__Dataset content__
──────

(* Let $\gamma\in C(\mathbb{R}_+)$. Assume there exist solutions $u^\pm\in C(\mathbb{R}_+,H^2(\mathbb{R}_+))$ of the boundary-value problems $$u^\pm_t=(1\pm\gamma(t))u^\pm_y+u^\pm_{yy}+\gamma(t)e^{-y},\ y>0;\qquad u^\pm(t,0)=0;\qquad u^\pm(t,y)\to0\text{ as } y\to\infty,$$ with initial conditions $u^\pm(0,y)=u^\pm_0(y)$, which in addition satisfy the continuity condition $u^+_y(t,0^+)=-u^-_y(t,0^+)$. Then for every $t>0$, $$\|u^+(t,\cdot)\|^2_{H^1}+\|u^-(t,\cdot)\|^2_{H^1}\le\|u^+_0\|^2_{H^1}+\|u^-_0\|^2_{H^1}.$$
   Context: $\mathbb{R}_+=(0,\infty)$; all norms are on $\mathbb{R}_+$. *)

theory Defs
  imports "HOL-Analysis.Analysis"
begin

text \<open>All spaces are on the half-line R+ = (0,infinity). Functions of y are
  real-valued; only their values on (0,infinity) matter.\<close>

definition L2_pos :: "(real \<Rightarrow> real) \<Rightarrow> bool" where
  "L2_pos f \<longleftrightarrow> set_borel_measurable lborel {0<..} f \<and>
                  set_integrable lborel {0<..} (\<lambda>y. (f y)\<^sup>2)"

definition L2_norm_sq :: "(real \<Rightarrow> real) \<Rightarrow> real" where
  "L2_norm_sq f = (LINT y:{0<..}|lborel. (f y)\<^sup>2)"

text \<open>H^1 norm squared: the derivative of an H^1 function (absolutely continuous
  representative) exists a.e. and coincides a.e. with the weak derivative.\<close>
definition H1_norm_sq :: "(real \<Rightarrow> real) \<Rightarrow> real" where
  "H1_norm_sq f = L2_norm_sq f + L2_norm_sq (deriv f)"

definition H2_norm_sq :: "(real \<Rightarrow> real) \<Rightarrow> real" where
  "H2_norm_sq f = L2_norm_sq f + L2_norm_sq (deriv f) + L2_norm_sq (deriv (deriv f))"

──────

__Work to complete__
Find each line of the data above that holds the word "definition", then copy it.

__Written answer__
definition L2_pos :: "(real \<Rightarrow> real) \<Rightarrow> bool" where
definition L2_norm_sq :: "(real \<Rightarrow> real) \<Rightarrow> real" where
definition H1_norm_sq :: "(real \<Rightarrow> real) \<Rightarrow> real" where
definition H2_norm_sq :: "(real \<Rightarrow> real) \<Rightarrow> real" where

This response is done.